Afterward, satisfied with my small nocturnal adventure, I stood at the tide line and looked around. The stars and the quiet enveloped me, and drew me into the crystalline clear night, into the cosmos above me. My eyes moved from the faint stars to the blackness of the night as the carpet of stars continued to break itself open and light up.
* * * * *
My mother loved the stars, too, rising alone at terrible hours during meteor showers to watch them flash across the silent, desert sky.
* * * * *
Stars, everywhere in this inky blackness. Some brighter ones here, some barely visible ones across the horizon, there. If I hold my breath and become animal-still, they show themselves more, like shy jewels; becoming more visible as I seek them out. I see how they outline the night sky, and the horizon, too. I can trace where the sky ends and sea begins, by the absence of stars. To the left and right of me, the now darkened cliffs of Espiritu Santo are the same—revealed only by the black velvet vacuum of no stars. Watching the cliffs this way, I make out their shape by where the stars stop. How wonderful!
Smiling at this secret discovery, I glance down to where my feet touch the surf’s edge. And what is this? Something shining. And sparkling now, with the touch of each wave. I look away and then back. No, it’s still there. The glow runs all along the wave line. As each wave touches the shore, a chain reaction of light sparks along the surf line of the beach, all the way to the bay. I look the other way, and see the same glow running up the beach to the cliffs.
Suddenly I’m watching the miracle of bioluminescence, of small ocean organisms responding to the turbulence of waves. This recognition prompts me to look out to sea, to the edge of the horizon where stars begin, over the ocean. There are stars in the sky, and now I see a different kind of stars here, in the water’s lacey edge. Everywhere I look, radiant stars appear. Beauty overwhelms me, bringing tears to my eyes as I watch. My mother’s death four months ago lead to this trip, lead me to come here to wash myself clean of this grief, to baptize myself over and over again in the salty ocean of tears and stars; to mourn a mother I didn’t really know but missed, knowing her love of nature, of stars.
No longer resisting the pain of this complicated loss, the cloud of my grief relaxes and opens.
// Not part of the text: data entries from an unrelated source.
(* In the LSM/LOOLSM setting of the context, for every exercise index $i$ and path $n$, the path-wise look-ahead bias satisfies $$\hat B^{[i]}_n\le I\Big[\,|\hat C^{[i]}_n-Z^{[i]}_n|\le h_n\,|V^{[i+1]}_n-Z^{[i]}_n|\,\Big]\;|V^{[i+1]}_n-Z^{[i]}_n|.$$
   Context: $N$ paths are simulated. At exercise time $t_i$ we are given: - discounted payouts $Z^{[i]}_n$; - next-step path-wise option values $V^{[i+1]}_n$; - an $N\times M$ regressor matrix $X$ of full rank with rows $x_n$. Let $H=X(X^\top X)^{-1}X^\top$ and let $h_n=x_n(X^\top X)^{-1}x_n^\top$ be the leverage, with $h_n<1$. Define: - the LSM continuation estimate $\hat C^{[i]}=HV^{[i+1]}$; - the leave-one-out estimate $\hat C'^{[i]}_n=\hat C^{[i]}_n-\dfrac{h_n(V^{[i+1]}_n-\hat C^{[i]}_n)}{1-h_n}$. The LSM update is $I[\hat C^{[i]}_n\ge Z^{[i]}_n](V^{[i+1]}_n-Z^{[i]}_n)+Z^{[i]}_n$, and the LOOLSM update is the same with $\hat C'^{[i]}_n$ in place of $\hat C^{[i]}_n$. The path-wise look-ahead bias is their difference: $$\hat B^{[i]}_n=\big(I[Z^{[i]}_n\le\hat C^{[i]}_n]-I[Z^{[i]}_n\le\hat C'^{[i]}_n]\big)(V^{[i+1]}_n-Z^{[i]}_n).$$ $I[\cdot]$ denotes the indicator function. *)

theory Defs
  imports "HOL-Analysis.Analysis"
begin

text \<open>Regressor matrix X is N x M, rows indexed by type 'n (paths), columns by 'm.\<close>

definition hat_matrix :: "real^'m^'n \<Rightarrow> real^'n^'n" where
  "hat_matrix X = X ** matrix_inv (transpose X ** X) ** transpose X"

definition leverage :: "real^'m^'n \<Rightarrow> 'n \<Rightarrow> real" where
  "leverage X n = (X $ n) \<bullet> (matrix_inv (transpose X ** X) *v (X $ n))"

definition lsm_cont :: "real^'m^'n \<Rightarrow> real^'n \<Rightarrow> real^'n" where
  "lsm_cont X V = hat_matrix X *v V"

definition loo_cont :: "real^'m^'n \<Rightarrow> real^'n \<Rightarrow> 'n \<Rightarrow> real" where
  "loo_cont X V n = lsm_cont X V $ n
     - leverage X n * (V $ n - lsm_cont X V $ n) / (1 - leverage X n)"

definition la_bias :: "real^'m^'n \<Rightarrow> real^'n \<Rightarrow> real^'n \<Rightarrow> 'n \<Rightarrow> real" where
  "la_bias X Z V n =
     (of_bool (Z $ n \<le> lsm_cont X V $ n) - of_bool (Z $ n \<le> loo_cont X V n)) * (V $ n - Z $ n)"

end

theory Submission
  imports Defs
begin

text \<open>Since \<open>1 - h > 0\<close>, the leave-one-out decision \<open>Z \<le> C'\<close> is the decision
  \<open>h (V - Z) \<le> C - Z\<close>. So the two exercise decisions can only disagree when \<open>C - Z\<close> lies
  between \<open>0\<close> and \<open>h (V - Z)\<close>, which forces \<open>|C - Z| \<le> h |V - Z|\<close> whenever the
  disagreement contributes a positive bias; the bias is then \<open>|V - Z|\<close>.
  The argument is pointwise in \<open>C\<close>, \<open>h\<close>, \<open>V\<close>, \<open>Z\<close>.\<close>

lemma indicator_flip_bound:
  fixes a d h :: real
  shows "(of_bool (0 \<le> a) - of_bool (h * d \<le> a)) * d \<le> of_bool (\<bar>a\<bar> \<le> h * \<bar>d\<bar>) * \<bar>d\<bar>"
  by (cases "0 \<le> d"; cases "0 \<le> a"; cases "h * d \<le> a") auto

lemma le_loo_cont_iff:
  assumes "leverage X n < 1"
  shows "z \<le> loo_cont X V n \<longleftrightarrow> leverage X n * (V $ n - z) \<le> lsm_cont X V $ n - z"
proof -
  define h C where "h = leverage X n" and "C = lsm_cont X V $ n"
  have "h < 1" using assms by (simp add: h_def)
  have "loo_cont X V n - z = ((C - z) - h * (V $ n - z)) / (1 - h)"
    using \<open>h < 1\<close> by (simp add: loo_cont_def h_def C_def field_simps)
  then have "z \<le> loo_cont X V n \<longleftrightarrow> 0 \<le> ((C - z) - h * (V $ n - z)) / (1 - h)"
    by linarith
  also have "\<dots> \<longleftrightarrow> h * (V $ n - z) \<le> C - z"
    using \<open>h < 1\<close> by (simp add: zero_le_divide_iff)
  finally show ?thesis by (simp add: h_def C_def)
qed

theorem lemmaA1:
  fixes X :: "nat \<Rightarrow> real^'m^'n" and Z :: "nat \<Rightarrow> real^'n" and V :: "nat \<Rightarrow> real^'n"
  assumes full_rank: "\<And>i. rank (X i) = CARD('m)"
    and lev_lt1: "\<And>i n. leverage (X i) n < 1"
  shows "la_bias (X i) (Z i) (V (Suc i)) n
    \<le> of_bool (\<bar>lsm_cont (X i) (V (Suc i)) $ n - Z i $ n\<bar>
                 \<le> leverage (X i) n * \<bar>V (Suc i) $ n - Z i $ n\<bar>)
       * \<bar>V (Suc i) $ n - Z i $ n\<bar>"
  using indicator_flip_bound [of "lsm_cont (X i) (V (Suc i)) $ n - Z i $ n"
      "leverage (X i) n" "V (Suc i) $ n - Z i $ n"]
  by (simp add: la_bias_def le_loo_cont_iff [OF lev_lt1])

end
Soon the presence of the goddess Shakti’s energy invites me to join her and I do, seeming to fall outward, riding the energy arising from somewhere deep in my belly and now filling the warm, soft night. The primordial Shakti feminine energy of the cosmos becomes the unimpeded Being that She is—the night sky, the ocean, me standing quietly on the beach within the cliff walls. The presence of my mother somehow joins me under the shining stars, and I feel her there with me. Shakti holds it all, listening inward and looking outward through my eyes, seeing all that I see.
I breathe in the moist night air, my toes tunneled under cool, wet sand and rest in the fullness of the luminous night. I am That which is also me, and is my mother, too. And all of the women here too, sleeping softly on the beach. We are the shapes of the feminine force of creation.
Moments pass. I exhale, a bit lighter now, and retrace my steps to my tent. I look back from there, but the glowing surf line has vanished from view. I tell the sea lights good night, breath in the stars, and just to be sure, check the high tide line by my fellow camper’s safety line of rocks. The glow of the night’s adventure fills me as I crawl back into my sleeping bag. In a short time, I fall back to sleep.
The goddess Shakti closes her eyes with me, around me, around the island of Espiritu Santo and further on. The Holy Spirit holds us all, as the universe of miracles disappears into the edge of dawn.